Like Donald Glover’s Atlanta or Issa Rae’s Insecure, The Bisexual is a half hour comedy with explicit ambitions that, in this case, are mostly interior. Apart from the odd anthropological detail about lesbian culture in London, the focus is Leila’s effort to make sense of her desires and needs. Having recoiled from Sadie after receiving a marriage proposal, Leila’s furious when her Scottish ex moves on even as she pinballs from thoughts of reconciliation to trying men. Sexual identity is mixed up in her background and age, but the fact that it’s been so central to Leila’s life means that she can’t easily reckon with where she’s at. There’s a biting insult thrown at her – “emotional intimacy whore” – that Leila cops and then actually considers. The best lines have recurring lives: first as farce, then tragedy.
Akhavan, a filmmaker whose previous feature was the gay conversion drama The Miseducation of Cameron Post, shoots these scenes with low-budget discipline, but the real strength is in the writing. The supporting cast might suggest familiar archetypes, such as Leila’s bumbling new housemate, Gabe (Brian Gleeson, another son of Brendan), but they consistently defy expectations for better and sometimes worse. The sharpest lines come from Leila’s best friend Deniz (Saskia Chana), a straight shooter ready to note that, “when you’re with your roommate, you’re like a girl from a Judd Apatow movie”.
Leila realises that she can be many things, and the same applies to many of her encounters. One starts with unexpected sex, turns to talk afterwards, erupts into an argument, and ends with affection that’s demanded as a due. That’s not an easy progression, and despite the defensive one-liners and gawky body language, it all unfolds with an idiosyncratic naturalness. The sex can be passionate or clumsy – the bodies involved are reassuringly ordinary throughout – and that breadth of possible outcome applies in most facets of The Bisexual. It’s never content to be content.
NEWLY ADDED MOVIES
Manchester by the Sea (Netflix, 2016, 137 minutes): Casey Affleck’s best quality as an actor is his ability to convey the passing of damning years in a single wary glance or stilted response. It’s a talent put to unerring use in Kenneth Lonergan’s compelling film, a drama about the impossibility of escaping the past that finds genuine and unexpected humour in the turns of the present. Recalled to the coastal town he once called home from Boston, where he works as a janitor and picks bar fights, Lee (Affleck) discovers that he has lost his older brother, Joe (Kyle Chandler, in flashback), and gained the guardianship of his nephew, teenager Patrick (Lucas Hedges). What follows is duty, errands and avoidance – there are no heartfelt speeches and redemptive gestures, and the reason for Lee’s failings, and why the locals look on him with sad consolation, is etched in by flashbacks that acquire a visceral force when Lee finally engages with his former wife, Randi (Michelle Williams). Grief is devastating in Manchester by the Sea, but the greatest cruelty is that life just goes on. Finding the shades of compassion and acceptance in that, without hiding the reality, is what elevates Lonergan’s movie.

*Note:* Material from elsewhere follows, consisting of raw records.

(* Let $f:\mathbb{R}^n\to\mathbb{R}^n$ be locally Lipschitz, and let $V_1,V_2\in C^1(\mathbb{R}^n)$, continuous $N_1,N_2:\mathbb{R}^n\to[0,\infty)$, and continuous $h:[0,\infty)\to[0,\infty)$ with $h(0)=0$ and $\sup_{r>0}h(r)/r<\infty$ satisfy $\nabla V_1\cdot f\le -N_1$ and $\nabla V_2\cdot f\le -N_2+h(N_1)$ on $\mathbb{R}^n$. Let $E:=\{x\in\mathbb{R}^n:N_1(x)=0,\ N_2(x)=0\}$. Let $x(\cdot)$ be a bounded solution defined on $[0,\infty)$ such that $t\mapsto N_i(x(t))$ is uniformly continuous on $[0,\infty)$ for $i=1,2$. Then $\operatorname{dist}(x(t),E)\to0$ as $t\to\infty$.
   Context: $\operatorname{dist}(x,E)=\inf_{e\in E}\|x-e\|$. *)

theory Defs
  imports "HOL-Analysis.Analysis"
begin

definition locally_lipschitz :: "('a::metric_space \<Rightarrow> 'b::metric_space) \<Rightarrow> bool" where
  "locally_lipschitz f \<longleftrightarrow> (\<forall>x. \<exists>r>0. \<exists>L. L-lipschitz_on (cball x r) f)"

end

theory Submission
  imports Defs
begin

text \<open>Along the solution \<open>V\<^sub>1\<close> decreases at rate at least \<open>N\<^sub>1\<close> and, since \<open>h r \<le> c r\<close>,
  \<open>V\<^sub>2 + c V\<^sub>1\<close> decreases at rate at least \<open>N\<^sub>2\<close>. Both are bounded below on the bounded
  trajectory, so Barbalat's argument with the uniform continuity of \<open>N\<^sub>i(x(t))\<close> gives
  \<open>N\<^sub>i(x(t)) \<rightarrow> 0\<close>. On the compact closure of the trajectory, the continuous function
  \<open>N\<^sub>1 + N\<^sub>2\<close> is bounded away from zero at distance \<open>\<ge> \<epsilon>\<close> from its zero set \<open>E\<close>, so the
  trajectory eventually stays within \<open>\<epsilon>\<close> of \<open>E\<close>.\<close>

lemma decrease_by_derivative_bound:
  fixes U U' :: "real \<Rightarrow> real"
  assumes deriv: "\<And>\<tau>. \<tau> \<in> S \<Longrightarrow> (U has_real_derivative U' \<tau>) (at \<tau> within S)"
    and "{s..t} \<subseteq> S" and "s \<le> t"
    and bound: "\<And>\<tau>. s \<le> \<tau> \<Longrightarrow> \<tau> \<le> t \<Longrightarrow> U' \<tau> \<le> -e"
  shows "U t + e * (t - s) \<le> U s"
proof -
  have "\<exists>\<xi>\<in>{s..t}. U t - U s = (\<lambda>d. U' \<xi> * d) (t - s)"
  proof (rule mvt_very_simple[OF \<open>s \<le> t\<close>])
    fix \<xi> assume "s \<le> \<xi>" "\<xi> \<le> t"
    then have "\<xi> \<in> S" using assms(2) by auto
    then have "(U has_real_derivative U' \<xi>) (at \<xi> within {s..t})"
      using DERIV_subset[OF deriv assms(2)] by blast
    then show "(U has_derivative (\<lambda>d. U' \<xi> * d)) (at \<xi> within {s..t})"
      by (simp add: has_field_derivative_def)
  qed
  then obtain \<xi> where "\<xi> \<in> {s..t}" "U t - U s = U' \<xi> * (t - s)" by auto
  moreover have "U' \<xi> * (t - s) \<le> -e * (t - s)"
    using bound[of \<xi>] \<open>\<xi> \<in> {s..t}\<close> \<open>s \<le> t\<close> by (intro mult_right_mono) auto
  ultimately show ?thesis by (simp add: algebra_simps)
qed

lemma dissipation_tendsto_zero:
  fixes U U' N :: "real \<Rightarrow> real"
  assumes deriv: "\<And>\<tau>. \<tau> \<ge> a \<Longrightarrow> (U has_real_derivative U' \<tau>) (at \<tau> within {a..})"
    and dissip: "\<And>\<tau>. \<tau> \<ge> a \<Longrightarrow> U' \<tau> \<le> - N \<tau>"
    and N_nonneg: "\<And>\<tau>. \<tau> \<ge> a \<Longrightarrow> N \<tau> \<ge> 0"
    and U_bdd: "bdd_below (U ` {a..})"
    and N_uc: "uniformly_continuous_on {a..} N"
  shows "(N \<longlongrightarrow> 0) at_top"
proof (rule tendstoI)
  fix \<epsilon> :: real assume "\<epsilon> > 0"
  have decrease: "U t + e * (t - s) \<le> U s"
    if "a \<le> s" "s \<le> t" "\<And>\<tau>. s \<le> \<tau> \<Longrightarrow> \<tau> \<le> t \<Longrightarrow> U' \<tau> \<le> -e" for s t e
    using that by (intro decrease_by_derivative_bound[OF deriv]) auto
  have antimono: "U t \<le> U s" if "a \<le> s" "s \<le> t" for s t
  proof -
    have "U' \<tau> \<le> -0" if "s \<le> \<tau>" for \<tau>
      using dissip[of \<tau>] N_nonneg[of \<tau>] that \<open>a \<le> s\<close> by simp
    then show ?thesis using decrease[of s t 0] that by simp
  qed
  obtain \<delta> where "\<delta> > 0"
    and \<delta>: "\<And>s t. s \<ge> a \<Longrightarrow> t \<ge> a \<Longrightarrow> dist s t < \<delta> \<Longrightarrow> dist (N s) (N t) < \<epsilon>/2"
    using N_uc \<open>\<epsilon> > 0\<close> unfolding uniformly_continuous_on_def by (meson atLeast_iff half_gt_zero)
  define d where "d = \<delta>/2"
  have "d > 0" "d < \<delta>" using \<open>\<delta> > 0\<close> by (auto simp: d_def)
  define L where "L = Inf (U ` {a..})"
  have L_le: "L \<le> U \<tau>" if "\<tau> \<ge> a" for \<tau>
    unfolding L_def using U_bdd that by (intro cInf_lower) auto
  have "L < L + \<epsilon> * d / 4" using \<open>\<epsilon> > 0\<close> \<open>d > 0\<close> by simp
  then obtain T where "T \<ge> a" and T: "U T < L + \<epsilon> * d / 4"
    unfolding L_def by (subst (asm) cInf_less_iff) (use U_bdd in auto)
  have "dist (N t) 0 < \<epsilon>" if "t \<ge> T" for t
  proof (rule ccontr)
    \<comment> \<open>otherwise \<open>N \<ge> \<epsilon>/2\<close> on \<open>[t, t + d]\<close>, so \<open>U (t + d) \<le> U T - \<epsilon> d/2 < L\<close>\<close>
    assume "\<not> dist (N t) 0 < \<epsilon>"
    then have "N t \<ge> \<epsilon>" using N_nonneg[of t] \<open>t \<ge> T\<close> \<open>T \<ge> a\<close> by simp
    have "U' \<tau> \<le> -(\<epsilon>/2)" if "t \<le> \<tau>" "\<tau> \<le> t + d" for \<tau>
    proof -
      have "dist (N \<tau>) (N t) < \<epsilon>/2"
        using \<delta>[of \<tau> t] that \<open>d < \<delta>\<close> \<open>t \<ge> T\<close> \<open>T \<ge> a\<close> by (simp add: dist_real_def)
      then have "N \<tau> \<ge> \<epsilon>/2"
        using \<open>N t \<ge> \<epsilon>\<close> abs_ge_minus_self[of "N \<tau> - N t"] unfolding dist_real_def by linarith
      then show ?thesis using dissip[of \<tau>] that \<open>t \<ge> T\<close> \<open>T \<ge> a\<close> by simp
    qed
    then have "U (t + d) + \<epsilon>/2 * d \<le> U t"
      using decrease[of t "t + d" "\<epsilon>/2"] \<open>t \<ge> T\<close> \<open>T \<ge> a\<close> \<open>d > 0\<close> by simp
    moreover have "U t \<le> U T" using antimono \<open>t \<ge> T\<close> \<open>T \<ge> a\<close> by blast
    moreover have "L \<le> U (t + d)" using L_le \<open>t \<ge> T\<close> \<open>T \<ge> a\<close> \<open>d > 0\<close> by simp
    moreover have "\<epsilon> * d > 0" using \<open>\<epsilon> > 0\<close> \<open>d > 0\<close> by simp
    ultimately show False using T by linarith
  qed
  then show "\<forall>\<^sub>F t in at_top. dist (N t) 0 < \<epsilon>"
    unfolding eventually_at_top_linorder by blast
qed

lemma bdd_below_continuous_comp_bounded:
  fixes V :: "'a::heine_borel \<Rightarrow> real"
  assumes "continuous_on UNIV V" and "bounded (x ` S)"
  shows "bdd_below ((\<lambda>t. V (x t)) ` S)"
proof -
  have "compact (V ` closure (x ` S))"
    using assms(2) continuous_on_subset[OF assms(1) subset_UNIV]
    by (intro compact_continuous_image) simp_all
  then have "bdd_below (V ` closure (x ` S))"
    by (intro bounded_imp_bdd_below compact_imp_bounded)
  moreover have "(\<lambda>t. V (x t)) ` S \<subseteq> V ` closure (x ` S)"
    by (auto intro!: imageI closure_subset[THEN subsetD])
  ultimately show ?thesis by (rule bdd_below_mono)
qed

lemma lyapunov_dissipation_tendsto_zero:
  fixes V N :: "'a::euclidean_space \<Rightarrow> real" and g f :: "'a \<Rightarrow> 'a" and x :: "real \<Rightarrow> 'a"
  assumes grad: "\<And>y. (V has_derivative (\<lambda>v. g y \<bullet> v)) (at y)"
    and dissip: "\<And>y. g y \<bullet> f y \<le> - N y"
    and N_nonneg: "\<And>y. N y \<ge> 0"
    and sol: "\<And>t. t \<ge> a \<Longrightarrow> (x has_vector_derivative f (x t)) (at t within {a..})"
    and bdd: "bounded (x ` {a..})"
    and uc: "uniformly_continuous_on {a..} (\<lambda>t. N (x t))"
  shows "((\<lambda>t. N (x t)) \<longlongrightarrow> 0) at_top"
proof (rule dissipation_tendsto_zero)
  show "((\<lambda>t. V (x t)) has_real_derivative g (x t) \<bullet> f (x t)) (at t within {a..})"
    if "t \<ge> a" for t
  proof -
    have "((\<lambda>t. V (x t)) has_derivative (\<lambda>s. g (x t) \<bullet> (s *\<^sub>R f (x t)))) (at t within {a..})"
      using has_derivative_compose[OF sol[OF that, unfolded has_vector_derivative_def] grad] .
    then show ?thesis
      by (simp add: has_field_derivative_def mult_commute_abs)
  qed
  have "continuous_on UNIV V"
    using grad by (intro has_derivative_continuous_on) blast
  then show "bdd_below ((\<lambda>t. V (x t)) ` {a..})"
    using bdd by (rule bdd_below_continuous_comp_bounded)
qed (use dissip N_nonneg uc in auto)

lemma linear_bound_of_bdd_above_ratio:
  fixes h :: "real \<Rightarrow> real"
  assumes "h 0 = 0" and "bdd_above ((\<lambda>r. h r / r) ` {0<..})"
  obtains c where "c \<ge> 0" and "\<And>r. r \<ge> 0 \<Longrightarrow> h r \<le> c * r"
proof -
  obtain M where M: "\<And>r. r > 0 \<Longrightarrow> h r / r \<le> M"
    using assms(2) unfolding bdd_above_def by auto
  have "h r \<le> max 0 M * r" if "r \<ge> 0" for r
  proof (cases "r = 0")
    case False
    then have "h r \<le> M * r" using M[of r] that by (simp add: divide_le_eq)
    also have "\<dots> \<le> max 0 M * r" using that by (intro mult_right_mono) auto
    finally show ?thesis .
  qed (simp add: assms(1))
  then show ?thesis by (intro that[of "max 0 M"]) auto
qed

lemma eventually_avoids_compact_where_positive:
  fixes N :: "'a::topological_space \<Rightarrow> real"
  assumes "compact C" and "continuous_on C N" and "\<And>y. y \<in> C \<Longrightarrow> N y > 0"
    and "((\<lambda>t. N (x t)) \<longlongrightarrow> 0) F"
  shows "eventually (\<lambda>t. x t \<notin> C) F"
proof (cases "C = {}")
  case False
  then obtain y\<^sub>0 where "y\<^sub>0 \<in> C" and min: "\<And>y. y \<in> C \<Longrightarrow> N y\<^sub>0 \<le> N y"
    using continuous_attains_inf[OF assms(1) _ assms(2)] by blast
  have "eventually (\<lambda>t. N (x t) < N y\<^sub>0) F"
    using order_tendstoD(2)[OF assms(4)] assms(3)[OF \<open>y\<^sub>0 \<in> C\<close>] by blast
  then show ?thesis
    by eventually_elim (use min in force)
qed simp

lemma bounded_trajectory_tendsto_zero_set:
  fixes N :: "'a::heine_borel \<Rightarrow> real" and x :: "real \<Rightarrow> 'a"
  assumes cont: "continuous_on UNIV N" and N_nonneg: "\<And>y. N y \<ge> 0"
    and bdd: "bounded (x ` {a..})"
    and lim: "((\<lambda>t. N (x t)) \<longlongrightarrow> 0) at_top"
  shows "{y. N y = 0} \<noteq> {} \<and> ((\<lambda>t. infdist (x t) {y. N y = 0}) \<longlongrightarrow> 0) at_top"
proof
  define Z where "Z = {y. N y = 0}"
  define K where "K = closure (x ` {a..})"
  have "compact K" using bdd by (simp add: K_def)
  have in_K: "eventually (\<lambda>t. x t \<in> K) at_top"
    using eventually_ge_at_top[of a]
    by eventually_elim (auto simp: K_def intro!: closure_subset[THEN subsetD])
  have avoids: "eventually (\<lambda>t. x t \<notin> C) at_top"
    if "closed C" "C \<subseteq> K" "\<And>y. y \<in> C \<Longrightarrow> y \<notin> Z" for C
  proof (rule eventually_avoids_compact_where_positive)
    show "compact C" using \<open>compact K\<close> that by (metis closed_Int_compact inf.absorb1)
    show "continuous_on C N" using cont by (rule continuous_on_subset) simp
    show "\<And>y. y \<in> C \<Longrightarrow> N y > 0"
      using that(3) N_nonneg unfolding Z_def by (metis less_eq_real_def mem_Collect_eq)
    show "((\<lambda>t. N (x t)) \<longlongrightarrow> 0) at_top" by (rule lim)
  qed
  show "Z \<noteq> {}"
  proof
    assume "Z = {}"
    then have "eventually (\<lambda>t. x t \<notin> K) at_top"
      using \<open>compact K\<close> by (intro avoids) (auto intro: compact_imp_closed)
    with in_K have "eventually (\<lambda>_. False) (at_top :: real filter)"
      by eventually_elim blast
    then show False by simp
  qed
  show "((\<lambda>t. infdist (x t) Z) \<longlongrightarrow> 0) at_top"
  proof (rule tendstoI)
    fix \<epsilon> :: real assume "\<epsilon> > 0"
    have "closed {y. \<epsilon> \<le> infdist y Z}"
      by (intro closed_Collect_le continuous_intros)
    then have "eventually (\<lambda>t. x t \<notin> K \<inter> {y. \<epsilon> \<le> infdist y Z}) at_top"
      using \<open>compact K\<close> \<open>\<epsilon> > 0\<close> by (intro avoids) (auto intro: compact_imp_closed)
    with in_K show "eventually (\<lambda>t. dist (infdist (x t) Z) 0 < \<epsilon>) at_top"
      by eventually_elim (auto simp: infdist_nonneg)
  qed
qed

theorem theorem2p4:
  fixes f :: "'a::euclidean_space \<Rightarrow> 'a"
    and V1 V2 N1 N2 :: "'a \<Rightarrow> real"
    and gV1 gV2 :: "'a \<Rightarrow> 'a"
    and h :: "real \<Rightarrow> real"
    and x :: "real \<Rightarrow> 'a"
  assumes f_loclip: "locally_lipschitz f"
    and V1_grad: "\<And>y. (V1 has_derivative (\<lambda>v. gV1 y \<bullet> v)) (at y)"
    and V1_C1: "continuous_on UNIV gV1"
    and V2_grad: "\<And>y. (V2 has_derivative (\<lambda>v. gV2 y \<bullet> v)) (at y)"
    and V2_C1: "continuous_on UNIV gV2"
    and N1_cont: "continuous_on UNIV N1" and N1_nonneg: "\<And>y. N1 y \<ge> 0"
    and N2_cont: "continuous_on UNIV N2" and N2_nonneg: "\<And>y. N2 y \<ge> 0"
    and h_cont: "continuous_on {0..} h" and h_nonneg: "\<And>r. r \<ge> 0 \<Longrightarrow> h r \<ge> 0"
    and h_zero: "h 0 = 0"
    and h_lin: "bdd_above ((\<lambda>r. h r / r) ` {0<..})"
    and dV1: "\<And>y. gV1 y \<bullet> f y \<le> - N1 y"
    and dV2: "\<And>y. gV2 y \<bullet> f y \<le> - N2 y + h (N1 y)"
    and sol: "\<And>t. t \<ge> 0 \<Longrightarrow> (x has_vector_derivative f (x t)) (at t within {0..})"
    and bdd: "bounded (x ` {0..})"
    and uc1: "uniformly_continuous_on {0..} (\<lambda>t. N1 (x t))"
    and uc2: "uniformly_continuous_on {0..} (\<lambda>t. N2 (x t))"
  shows "{y. N1 y = 0 \<and> N2 y = 0} \<noteq> {} \<and>
         ((\<lambda>t. infdist (x t) {y. N1 y = 0 \<and> N2 y = 0}) \<longlongrightarrow> 0) at_top"
proof -
  obtain c where "c \<ge> 0" and h_le: "\<And>r. r \<ge> 0 \<Longrightarrow> h r \<le> c * r"
    using linear_bound_of_bdd_above_ratio[OF h_zero h_lin] by blast
  have lim1: "((\<lambda>t. N1 (x t)) \<longlongrightarrow> 0) at_top"
    by (rule lyapunov_dissipation_tendsto_zero[OF V1_grad dV1 N1_nonneg sol bdd uc1])
  have combined_grad:
    "((\<lambda>y. V2 y + c * V1 y) has_derivative (\<lambda>v. (gV2 y + c *\<^sub>R gV1 y) \<bullet> v)) (at y)" for y
    using has_derivative_add[OF V2_grad has_derivative_mult_right[OF V1_grad, of c]]
    by (simp add: inner_add_left algebra_simps)
  have combined_dissip: "(gV2 y + c *\<^sub>R gV1 y) \<bullet> f y \<le> - N2 y" for y
    using dV2[of y] mult_left_mono[OF dV1[of y] \<open>c \<ge> 0\<close>] h_le[OF N1_nonneg[of y]]
    by (simp add: inner_add_left)
  have lim2: "((\<lambda>t. N2 (x t)) \<longlongrightarrow> 0) at_top"
    using combined_grad combined_dissip N2_nonneg sol bdd uc2
    by (rule lyapunov_dissipation_tendsto_zero)
  have "{y. N1 y = 0 \<and> N2 y = 0} = {y. N1 y + N2 y = 0}"
    using add_nonneg_eq_0_iff[OF N1_nonneg N2_nonneg] by blast
  moreover have "{y. N1 y + N2 y = 0} \<noteq> {} \<and>
      ((\<lambda>t. infdist (x t) {y. N1 y + N2 y = 0}) \<longlongrightarrow> 0) at_top"
  proof (rule bounded_trajectory_tendsto_zero_set[OF _ _ bdd])
    show "continuous_on UNIV (\<lambda>y. N1 y + N2 y)"
      using N1_cont N2_cont by (rule continuous_on_add)
    show "\<And>y. N1 y + N2 y \<ge> 0"
      using N1_nonneg N2_nonneg by (rule add_nonneg_nonneg)
    show "((\<lambda>t. N1 (x t) + N2 (x t)) \<longlongrightarrow> 0) at_top"
      using tendsto_add[OF lim1 lim2] by simp
  qed
  ultimately show ?thesis by simp
qed

end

New on SBS on Demand: An eerily inventive horror film where the possible monsters include late-era capitalism and Lovecraft-worthy beasts, Justin Benson and Aaron Moorhead’s The Endless (2017, 107 minutes) tracks a pair of brothers (played by the filmmakers) who return to the Californian cult they once fled, testing both their perceptions and their familial bond.
New on Stan: Side Effects (2013, 106 minutes) is not Steven Soderbergh’s best film, but with Rooney Mara as a depressed wife and Jude Law as her psychiatrist it’s a psychological thriller taking in prescription drug culture and glossy twists; Belgium’s neo-realist masters Jean-Pierre and Luc Dardenne dissect guilt with The Unknown Girl (2016, 102 minutes), an intimate drama about a young doctor (the compelling Adele Haenel) trying to make amends.